A name and phone number would be awsome. You might even find people calling you for honey.


----------



## Guest (Dec 10, 2004)

I use very unique screws (square drive,
made by a local company) rather than
nails, so I can tell which boxes are
mine at a glance.

The wood-burned stencil is the defacto
standard, but be creative, and use it
on both the outside and INSIDE of each
box. I guess you could burn something
into each top bar too, but that would be
going a bit too far, wouldn't it?

I've never had a hive stolen. Vandalism
I've had, but never theft.


----------



## BjornBee (Feb 7, 2003)

If your going to take the time to burn the outside and/or inside of the box, then do each frame also. You would not be the first one to go into your apiary, and see the boxes, and then be surprised to find the frames and bees are gone.


----------



## Guest (Dec 10, 2004)

I called a printing company today that makes stencils...thought I might stencil my name and city on my hives. They said the stencil with 1" letters would be over 30 dollars and would only hold up to 10-15 uses. Too expensive for my taste. Anyone know how costly a branding iron is?


----------



## JJ (Jun 22, 2004)

Hi yall I bought the cardboard stencil and taped the letter together spelling my name. I did as MB said on some I painted using spray paint across the front in 2 inch letters my last name and then painted the boxes and did it again. I have done over 100 boxes that way and still is on them and looks ok. Also my stencil is ok except it does build a a little bit of paint up on them. But they dont cost much. Also after you spray your box and the paint dries on the stencil lay something on top of it to keep it good and flat. Take care JJ


----------



## Guest (Dec 10, 2004)

Perhaps I'll try the cardboard stencils. I'm just a litle nervous since the property owner where I had several hives walked out and found someone loading up my hives into a truck...claiming to have bought them.(he had "not"!) The property owner made the guy put the hives back...thank goodness. Since then I've been wondering what I can do to best avoid such things. The nerve of some people!


----------



## The Honey House (May 10, 2000)

I've been marking my hives and frames using a good old fashion black Magic Marker! When I make up a frame I put the year the foundation was installed right on the top bar. I make one end bar with my name.
I mark the inside of the boxes and on the inner/top cover too. It's held up great for many years!
Some frames have been recycled so I just put an X over the old year and add the new year to the side. I suppose some one could sand off the marker on the boxes but I doubt they'd try a frame, especially if it had bees!


----------



## honeyman46408 (Feb 14, 2003)

Beeing the CHEAP guy that I am I made my own branding iorn that fits on a propane tourch is has initals on it but when I welded the letters on the plate I did it mirror image it is hard to read but no one else has one like it.
With that said even if you have every box and frame marked and they are stolen you still have to find them for it to do any good


----------



## guatebee (Nov 15, 2004)

Branding irons are fine but expensive to buy and to keep hot.
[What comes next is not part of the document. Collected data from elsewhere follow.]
lemma convex_ereal_cmult:
  assumes "c \<ge> 0" "convex_ereal F"
  shows "convex_ereal (\<lambda>x. ereal c * F x)"
  unfolding convex_ereal_def
proof (intro allI impI)
  fix z1 z2 :: 'a and l :: real assume l: "0 < l \<and> l < 1"
  have "ereal c * F (l *\<^sub>R z1 + (1 - l) *\<^sub>R z2) \<le> ereal c * (ereal l * F z1 + ereal (1 - l) * F z2)"
    using assms l unfolding convex_ereal_def by (intro ereal_mult_left_mono) auto
  also have "\<dots> = ereal l * (ereal c * F z1) + ereal (1 - l) * (ereal c * F z2)"
    using assms(1) l by (simp add: ereal_nonneg_distrib mult.left_commute)
  finally show "ereal c * F (l *\<^sub>R z1 + (1 - l) *\<^sub>R z2)
      \<le> ereal l * (ereal c * F z1) + ereal (1 - l) * (ereal c * F z2)" .
qed

lemma convex_ereal_sum:
  assumes "finite A" "\<And>w. w \<in> A \<Longrightarrow> convex_ereal (F w)" "\<And>w x. w \<in> A \<Longrightarrow> F w x \<noteq> -\<infinity>"
  shows "convex_ereal (\<lambda>x. \<Sum>w\<in>A. F w x)"
  using assms
proof (induct A rule: finite_induct)
  case empty
  then show ?case by (simp add: convex_ereal_def)
next
  case (insert a A)
  then have "convex_ereal (\<lambda>x. F a x + (\<Sum>w\<in>A. F w x))"
    by (intro convex_ereal_add sum_ereal_neq_MInfty) auto
  with insert show ?case by simp
qed

lemma convex_ereal_compose_affine:
  assumes "convex_ereal F" "\<And>z1 z2 l. g (l *\<^sub>R z1 + (1 - l) *\<^sub>R z2) = l *\<^sub>R g z1 + (1 - l) *\<^sub>R g z2"
  shows "convex_ereal (\<lambda>x. F (g x))"
  using assms unfolding convex_ereal_def by simp

lemma lsc_ereal_attains_INF:
  fixes F :: "'a::euclidean_space \<Rightarrow> ereal"
  assumes "lsc_ereal F" "compact C" and dom: "\<And>u. F u < \<infinity> \<Longrightarrow> u \<in> C"
  shows "\<exists>u. F u = (INF v. F v)"
proof (cases "(INF v. F v) = \<infinity>")
  case True
  then show ?thesis by (metis INF_lower UNIV_I top.extremum_uniqueI top_ereal_def)
next
  case False
  let ?m = "INF v. F v"
  let ?lev = "\<lambda>c. {u. F u \<le> ereal c}"
  let ?A = "{c. ?m < ereal c}"
  obtain c1 where c1: "?m < ereal c1" using False by (metis less_PInf_Ex_of_nat less_top top_ereal_def)
  have "C \<inter> \<Inter>(?lev ` ?A) \<noteq> {}"
  proof (rule compact_imp_fip[OF \<open>compact C\<close>])
    show "\<And>S. S \<in> ?lev ` ?A \<Longrightarrow> closed S" using assms(1) unfolding lsc_ereal_def by auto
  next
    fix F' assume "finite F'" "F' \<subseteq> ?lev ` ?A"
    then obtain B where B: "B \<subseteq> ?A" "finite B" "F' = ?lev ` B" by (meson finite_subset_image)
    let ?c0 = "Min (insert c1 B)"
    have "?c0 \<in> insert c1 B" using B(2) by (intro Min_in) auto
    then have "?m < ereal ?c0" using B(1) c1 by auto
    then obtain u where u: "F u < ereal ?c0" by (meson INF_less_iff)
    then have "u \<in> C" using dom by (metis ereal_infty_less(1) less_ereal.simps(4) order.strict_trans)
    moreover have "F u \<le> ereal c" if "c \<in> B" for c
      using u that B(2) by (meson Min_le finite.insertI insertCI ereal_less_eq(3) less_imp_le order_less_le_trans)
    ultimately show "C \<inter> \<Inter>F' \<noteq> {}" using B by auto
  qed
  then obtain u where u: "\<And>c. ?m < ereal c \<Longrightarrow> F u \<le> ereal c" by auto
  have "F u \<le> ?m"
  proof (rule ccontr)
    assume "\<not> F u \<le> ?m"
    then have "?m < F u" by simp
    then obtain z where "?m < ereal z" "ereal z < F u" using ereal_dense2 by blast
    then show False using u by fastforce
  qed
  moreover have "?m \<le> F u" by (rule INF_lower) simp
  ultimately show ?thesis by (intro exI[of _ u]) simp
qed

lemma lsc_ereal_INF_compact:
  fixes F :: "'u::euclidean_space \<times> 'y::euclidean_space \<Rightarrow> ereal"
  assumes lsc: "lsc_ereal F" and "compact C" and dom: "\<And>u y. F (u, y) < \<infinity> \<Longrightarrow> u \<in> C"
  shows "lsc_ereal (\<lambda>y. INF u. F (u, y))"
  unfolding lsc_ereal_def
proof
  fix c :: real
  have attain: "\<exists>u. F (u, y) = (INF v. F (v, y))" for y
  proof (rule lsc_ereal_attains_INF[of "\<lambda>u. F (u, y)", OF _ \<open>compact C\<close> dom])
    show "lsc_ereal (\<lambda>u. F (u, y))"
      by (rule lsc_ereal_compose_continuous[OF lsc]) (intro continuous_intros)
  qed
  have "(INF u. F (u, y)) \<le> ereal c \<longleftrightarrow> (\<exists>u. u \<in> C \<and> F (u, y) \<le> ereal c)" for y
  proof
    assume le: "(INF u. F (u, y)) \<le> ereal c"
    obtain u where u: "F (u, y) = (INF v. F (v, y))" using attain by blast
    have "F (u, y) \<le> ereal c" using le unfolding u .
    moreover from this have "F (u, y) < \<infinity>" by (rule le_less_trans) simp
    ultimately show "\<exists>u. u \<in> C \<and> F (u, y) \<le> ereal c" using dom by blast
  next
    assume "\<exists>u. u \<in> C \<and> F (u, y) \<le> ereal c"
    then show "(INF u. F (u, y)) \<le> ereal c" by (auto intro: INF_lower2)
  qed
  then have "{y. (INF u. F (u, y)) \<le> ereal c} = {y. \<exists>u. u \<in> C \<and> (u, y) \<in> {z. F z \<le> ereal c}}"
    by simp
  also have "closed \<dots>"
    using lsc unfolding lsc_ereal_def by (intro closed_compact_projection[OF \<open>compact C\<close>]) simp
  finally show "closed {y. (INF u. F (u, y)) \<le> ereal c}" .
qed

lemma convex_ereal_INF:
  fixes F :: "'u::real_vector \<times> 'y::real_vector \<Rightarrow> ereal"
  assumes cvx: "convex_ereal F" and attain: "\<And>y. \<exists>u. F (u, y) = (INF v. F (v, y))"
  shows "convex_ereal (\<lambda>y. INF u. F (u, y))"
  unfolding convex_ereal_def
proof (intro allI impI)
  fix y1 y2 :: 'y and l :: real assume l: "0 < l \<and> l < 1"
  obtain u1 u2 where u1: "F (u1, y1) = (INF v. F (v, y1))" and u2: "F (u2, y2) = (INF v. F (v, y2))"
    using attain by meson
  have "(INF u. F (u, l *\<^sub>R y1 + (1 - l) *\<^sub>R y2)) \<le> F (l *\<^sub>R (u1, y1) + (1 - l) *\<^sub>R (u2, y2))"
    by (auto intro: INF_lower)
  also have "\<dots> \<le> ereal l * F (u1, y1) + ereal (1 - l) * F (u2, y2)"
    using cvx l unfolding convex_ereal_def by blast
  finally show "(INF u. F (u, l *\<^sub>R y1 + (1 - l) *\<^sub>R y2))
      \<le> ereal l * (INF u. F (u, y1)) + ereal (1 - l) * (INF u. F (u, y2))"
    unfolding u1 u2 .
qed

lemma convex_on_real_of_ereal:
  assumes "convex_ereal F" "convex C" and fin: "\<And>x. x \<in> C \<Longrightarrow> \<bar>F x\<bar> \<noteq> \<infinity>"
  shows "convex_on C (\<lambda>x. real_of_ereal (F x))"
proof (rule convex_onI[OF _ \<open>convex C\<close>])
  fix t :: real and x y assume t: "0 < t" "t < 1" and xy: "x \<in> C" "y \<in> C"
  have "F ((1 - t) *\<^sub>R x + t *\<^sub>R y) \<le> ereal (1 - t) * F x + ereal t * F y"
    using assms(1)[unfolded convex_ereal_def, rule_format, of "1 - t" x y] t by simp
  moreover have "\<bar>F ((1 - t) *\<^sub>R x + t *\<^sub>R y)\<bar> \<noteq> \<infinity>"
    using \<open>convex C\<close> xy t by (intro fin) (simp add: convexD)
  ultimately show "real_of_ereal (F ((1 - t) *\<^sub>R x + t *\<^sub>R y))
      \<le> (1 - t) * real_of_ereal (F x) + t * real_of_ereal (F y)"
    using fin[OF xy(1)] fin[OF xy(2)] by (cases "F x"; cases "F y"; cases "F ((1 - t) *\<^sub>R x + t *\<^sub>R y)") auto
qed

section \<open>Differentiability\<close>

lemma convex_on_midpoint:
  fixes v :: "'a::real_vector \<Rightarrow> real"
  assumes "convex_on S v" "p + h \<in> S" "p - h \<in> S"
  shows "2 * v p \<le> v (p + h) + v (p - h)"
proof -
  have "v ((1 - 1/2) *\<^sub>R (p + h) + (1/2) *\<^sub>R (p - h)) \<le> (1 - 1/2) * v (p + h) + (1/2) * v (p - h)"
    using convex_onD[OF assms(1), of "1/2"] assms(2,3) by simp
  moreover have "(1 - 1/2) *\<^sub>R (p + h) + (1/2::real) *\<^sub>R (p - h) = p"
    by (simp add: algebra_simps flip: scaleR_add_left)
  ultimately show ?thesis by simp
qed

text \<open>The remainder of \<open>v\<close> at \<open>h\<close> is bounded above by that of \<open>\<phi>\<close> at \<open>h\<close> and, by midpoint
  convexity, below by minus that of \<open>\<phi>\<close> at \<open>-h\<close>.\<close>

lemma has_derivative_convex_below:
  fixes v \<phi> :: "'a::real_normed_vector \<Rightarrow> real"
  assumes S: "open S" "p \<in> S" and cvx: "convex_on S v"
    and below: "\<And>q. q \<in> S \<Longrightarrow> v q \<le> \<phi> q" and touch: "v p = \<phi> p"
    and d: "(\<phi> has_derivative D) (at p)"
  shows "(v has_derivative D) (at p)"
proof -
  interpret D: bounded_linear D using d by (rule has_derivative_bounded_linear)
  define r where "r h = \<phi> (p + h) - \<phi> p - D h" for h
  have r: "((\<lambda>h. norm (r h) / norm h) \<longlongrightarrow> 0) (at 0)"
    using d unfolding has_derivative_at r_def by simp
  moreover have "filtermap uminus (at (0::'a)) = at 0"
    using filtermap_at_minus[of "0::'a"] by simp
  ultimately have "((\<lambda>h. norm (r h) / norm h) \<longlongrightarrow> 0) (filtermap uminus (at 0))"
    by (simp only:)
  then have r_minus: "((\<lambda>h. norm (r (- h)) / norm h) \<longlongrightarrow> 0) (at 0)"
    by (simp add: tendsto_compose_filtermap[symmetric] o_def)
  obtain e where e: "e > 0" "ball p e \<subseteq> S" using S open_contains_ball by blast
  have small: "eventually (\<lambda>h. norm h < e) (at (0::'a))"
    using e(1) by (auto simp: eventually_at dist_norm intro!: exI[of _ e])
  have "((\<lambda>h. norm (v (p + h) - v p - D h) / norm h) \<longlongrightarrow> 0) (at 0)"
  proof (rule Lim_null_comparison)
    show "((\<lambda>h. norm (r h) / norm h + norm (r (- h)) / norm h) \<longlongrightarrow> 0) (at 0)"
      using tendsto_add_zero[OF r r_minus] .
    show "eventually (\<lambda>h. norm (norm (v (p + h) - v p - D h) / norm h)
              \<le> norm (r h) / norm h + norm (r (- h)) / norm h) (at 0)"
      using small
    proof eventually_elim
      case (elim h)
      then have in_S: "p + h \<in> S" "p - h \<in> S" using e by (auto simp: dist_norm)
      have mid: "2 * v p \<le> v (p + h) + v (p - h)" using convex_on_midpoint[OF cvx in_S] .
      have "v (p + h) - v p - D h \<le> r h" "v (p - h) - v p - D (- h) \<le> r (- h)"
        using below[OF in_S(1)] below[OF in_S(2)] touch by (simp_all add: r_def)
      with mid have "\<bar>v (p + h) - v p - D h\<bar> \<le> \<bar>r h\<bar> + \<bar>r (- h)\<bar>" using D.neg[of h] by linarith
      then show ?case by (simp add: add_divide_distrib[symmetric] divide_right_mono)
    qed
  qed
  then show ?thesis using D.bounded_linear_axioms unfolding has_derivative_at by simp
qed
(* The zero-error capacity of a finite-state erasure channel with topological entropy $h_{ch}$ and maximal ratio $\tau$ satisfies $1-\tau-h_{ch}\le C_0\le 1-\tau$.
   Context: Logarithms are to base $q=|\mathcal{X}|\ge2$, $\mathcal{X}$ the finite input alphabet. Finite-state erasure channel: a strongly connected directed graph $\mathscr{G}=(\mathcal{S},\mathcal{E})$ with finite vertex set $\mathcal{S}$ and $\mathcal{E}\subseteq\mathcal{S}\times\mathcal{S}$, each edge labelled $\ell(e)\in\{0,1\}$, distinct edges leaving the same state having distinct labels. A noise word $v(0:n-1)$ is admissible from initial state $s_0$ if it is the label sequence of a walk of length $n$ starting at $s_0$; output $y(t)=x(t)$ if $v(t)=0$ and $y(t)=*$ (a symbol not in $\mathcal{X}$) if $v(t)=1$. The initial state is arbitrary and unknown. A zero-error code of length $n$ is a set $\mathcal{F}\subseteq\mathcal{X}^n$ such that no output word can be produced (for any initial states and admissible noise) by two distinct codewords; $C_0=\sup_n\sup_{\mathcal{F}}\log|\mathcal{F}|/n$. The adjacency matrix $\mathcal{A}$ has $\mathcal{A}_{s,s'}=1$ iff $(s,s')\in\mathcal{E}$, $\lambda$ is its Perron eigenvalue, $h_{ch}=\log\lambda$. The maximal ratio is $\tau=\max_i e_i/l_i$ over directed simple cycles ($e_i$ = number of edges labelled 1, $l_i$ = length). *)

theory Defs
  imports "HOL-Analysis.Analysis"
begin

text \<open>Finite-state erasure channel. States: the finite type 's (vertex set = UNIV).
  Edges: E. Labels: lab e (True = label 1 = erasure, False = label 0).\<close>

definition strongly_connected :: "('s \<times> 's) set \<Rightarrow> bool" where
  "strongly_connected E \<longleftrightarrow> (\<forall>s s'. (s, s') \<in> E\<^sup>*)"

definition fsec :: "('s::finite \<times> 's) set \<Rightarrow> ('s \<times> 's \<Rightarrow> bool) \<Rightarrow> bool" where
  "fsec E lab \<longleftrightarrow> E \<noteq> {} \<and> strongly_connected E \<and>
     (\<forall>s a b. (s, a) \<in> E \<longrightarrow> (s, b) \<in> E \<longrightarrow> lab (s, a) = lab (s, b) \<longrightarrow> a = b)"

definition admissible_from ::
  "('s \<times> 's) set \<Rightarrow> ('s \<times> 's \<Rightarrow> bool) \<Rightarrow> 's \<Rightarrow> bool list \<Rightarrow> bool" where
  "admissible_from E lab s0 vs \<longleftrightarrow>
     (\<exists>ss. length ss = Suc (length vs) \<and> ss ! 0 = s0 \<and>
        (\<forall>t < length vs. (ss ! t, ss ! Suc t) \<in> E \<and> vs ! t = lab (ss ! t, ss ! Suc t)))"

text \<open>Channel output; None plays the role of the erasure symbol *.\<close>
definition channel_out :: "'x list \<Rightarrow> bool list \<Rightarrow> 'x option list" where
  "channel_out xs vs = map2 (\<lambda>x v. if v then None else Some x) xs vs"

definition zero_error_code ::
  "('s \<times> 's) set \<Rightarrow> ('s \<times> 's \<Rightarrow> bool) \<Rightarrow> nat \<Rightarrow> 'x list set \<Rightarrow> bool" where
  "zero_error_code E lab n F \<longleftrightarrow>
     (\<forall>x \<in> F. length x = n) \<and>
     (\<forall>x1 \<in> F. \<forall>x2 \<in> F. x1 \<noteq> x2 \<longrightarrow>
        \<not> (\<exists>s1 s2 v1 v2. length v1 = n \<and> length v2 = n \<and>
              admissible_from E lab s1 v1 \<and> admissible_from E lab s2 v2 \<and>
              channel_out x1 v1 = channel_out x2 v2))"

definition zero_error_capacity ::
  "('s \<times> 's) set \<Rightarrow> ('s \<times> 's \<Rightarrow> bool) \<Rightarrow> 'x::finite itself \<Rightarrow> real" where
  "zero_error_capacity E lab _ =
     Sup {log (real CARD('x)) (real (card F)) / real n | n (F :: 'x list set).
            n \<ge> 1 \<and> F \<noteq> {} \<and> zero_error_code E lab n F}"

definition adj_matrix :: "('s::finite \<times> 's) set \<Rightarrow> real^'s^'s" where
  "adj_matrix E = (\<chi> i j. if (i, j) \<in> E then 1 else 0)"

text \<open>Perron eigenvalue = spectral radius of the (nonnegative, irreducible) matrix.\<close>
definition perron_eigenvalue :: "real^'n::finite^'n \<Rightarrow> real" where
  "perron_eigenvalue A =
     Max {cmod z | z. \<exists>v :: complex^'n. v \<noteq> 0 \<and>
            (\<chi> i j. complex_of_real (A $ i $ j)) *v v = z *s v}"

definition topological_entropy ::
  "('s::finite \<times> 's) set \<Rightarrow> 'x::finite itself \<Rightarrow> real" where
  "topological_entropy E _ = log (real CARD('x)) (perron_eigenvalue (adj_matrix E))"

definition simple_cycle :: "('s \<times> 's) set \<Rightarrow> 's list \<Rightarrow> bool" where
  "simple_cycle E cs \<longleftrightarrow> cs \<noteq> [] \<and> distinct cs \<and>
     (\<forall>i < length cs. (cs ! i, cs ! (Suc i mod length cs)) \<in> E)"

definition cycle_ones :: "('s \<times> 's \<Rightarrow> bool) \<Rightarrow> 's list \<Rightarrow> nat" where
  "cycle_ones lab cs = card {i. i < length cs \<and> lab (cs ! i, cs ! (Suc i mod length cs))}"

definition max_ratio :: "('s \<times> 's) set \<Rightarrow> ('s \<times> 's \<Rightarrow> bool) \<Rightarrow> real" where
  "max_ratio E lab =
     Max {real (cycle_ones lab cs) / real (length cs) | cs. simple_cycle E cs}"

end

theory Submission
  imports Defs "Jordan_Normal_Form.Spectral_Radius"
begin

text \<open>
  Upper bound: along a simple cycle of maximal ratio \<open>\<tau>\<close> the noise can erase a \<open>\<tau>\<close>-fraction of
  any block of length \<open>n\<close> (a suitable starting point on the cycle is found by averaging), and two
  codewords agreeing on the unerased positions of one such noise word are confused. Hence a code
  has at most \<open>q ^ (n (1 - \<tau>))\<close> words.

  Lower bound: a walk splits into simple cycles and a simple path, so an admissible noise word of
  length \<open>n\<close> has at most \<open>\<tau> n + |S|\<close> erasures. A word is therefore confusable with at most
  \<open>|V n| q ^ (\<tau> n + |S|)\<close> words, where \<open>V n\<close> is the set of admissible noise words, and a greedy
  independent set of the confusability graph is a code with at least \<open>q ^ n / (|V n| q ^ (\<tau> n + |S|))\<close>
  words. Finally \<open>|V n| \<le> K \<mu> ^ n\<close> for every \<open>\<mu>\<close> above the Perron eigenvalue, since the powers of
  a matrix with spectral radius below \<open>1\<close> are bounded (Jordan normal form).
\<close>

definition walk_edges :: "'s list \<Rightarrow> ('s \<times> 's) list" where
  "walk_edges ss = zip ss (tl ss)"

definition walk :: "('s \<times> 's) set \<Rightarrow> 's list \<Rightarrow> bool" where
  "walk E ss \<longleftrightarrow> set (walk_edges ss) \<subseteq> E"

definition erasures :: "('s \<times> 's \<Rightarrow> bool) \<Rightarrow> 's list \<Rightarrow> nat" where
  "erasures lab ss = length (filter lab (walk_edges ss))"

lemma walk_edges_Cons_Cons [simp]: "walk_edges (a # b # ss) = (a, b) # walk_edges (b # ss)"
  and walk_edges_singleton [simp]: "walk_edges [a] = []"
  and walk_edges_Nil [simp]: "walk_edges [] = []"
  and length_walk_edges [simp]: "length (walk_edges ss) = length ss - 1"
  by (simp_all add: walk_edges_def)

lemma walk_edges_append:
  "walk_edges (xs @ y # ys) = walk_edges (xs @ [y]) @ walk_edges (y # ys)"
  by (induction xs rule: induct_list012) simp_all

lemma walk_edges_splice:
  "walk_edges (xs @ z # u @ z # ys) = walk_edges (xs @ [z]) @ walk_edges (z # u @ [z]) @ walk_edges (z # ys)"
  using walk_edges_append[of xs z "u @ z # ys"] walk_edges_append[of "z # u" z ys] by simp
Paint marks can always be disguised with anothjer coat brushed on.

I would go for something simpler and more permanent, provided you have the tool:

run a shallow saw kerk across all 4 sides of the boxes and across top bars. Paint will never cover it up, and the kerved hive bodies and supers can easily be spotted from a distance.

Any marking that really stands out will deter theft more effectively than concealed markings.


----------



## Guest (Dec 10, 2004)

Permanant magic-marker makes financial sense...and would be quick and easy. Also the idea of a simple unique marking(such as the saw-kerf)seems worth-while. A friend color codes his hives and has different colored bands painted on each. I never thought about it, but I guess such unique markings might actually deter a would-be thief. I'm fairly new at beekeeping, but my first honey harvest has put a few beans n' biscuits on my table. There was a time in this country when horse thieves were hung. Stealing a man's horse was considered the same as stealing his livlihood and was quickly punished by hanging. Seems that people don't fear any consequences when stealing another man's livlihood these days...or even a part of it.


----------



## nursebee (Sep 29, 2003)

Link for branding iron: www.brandnew.net 
Looks like more than $100 for an okay setup. I have gotten the info from them.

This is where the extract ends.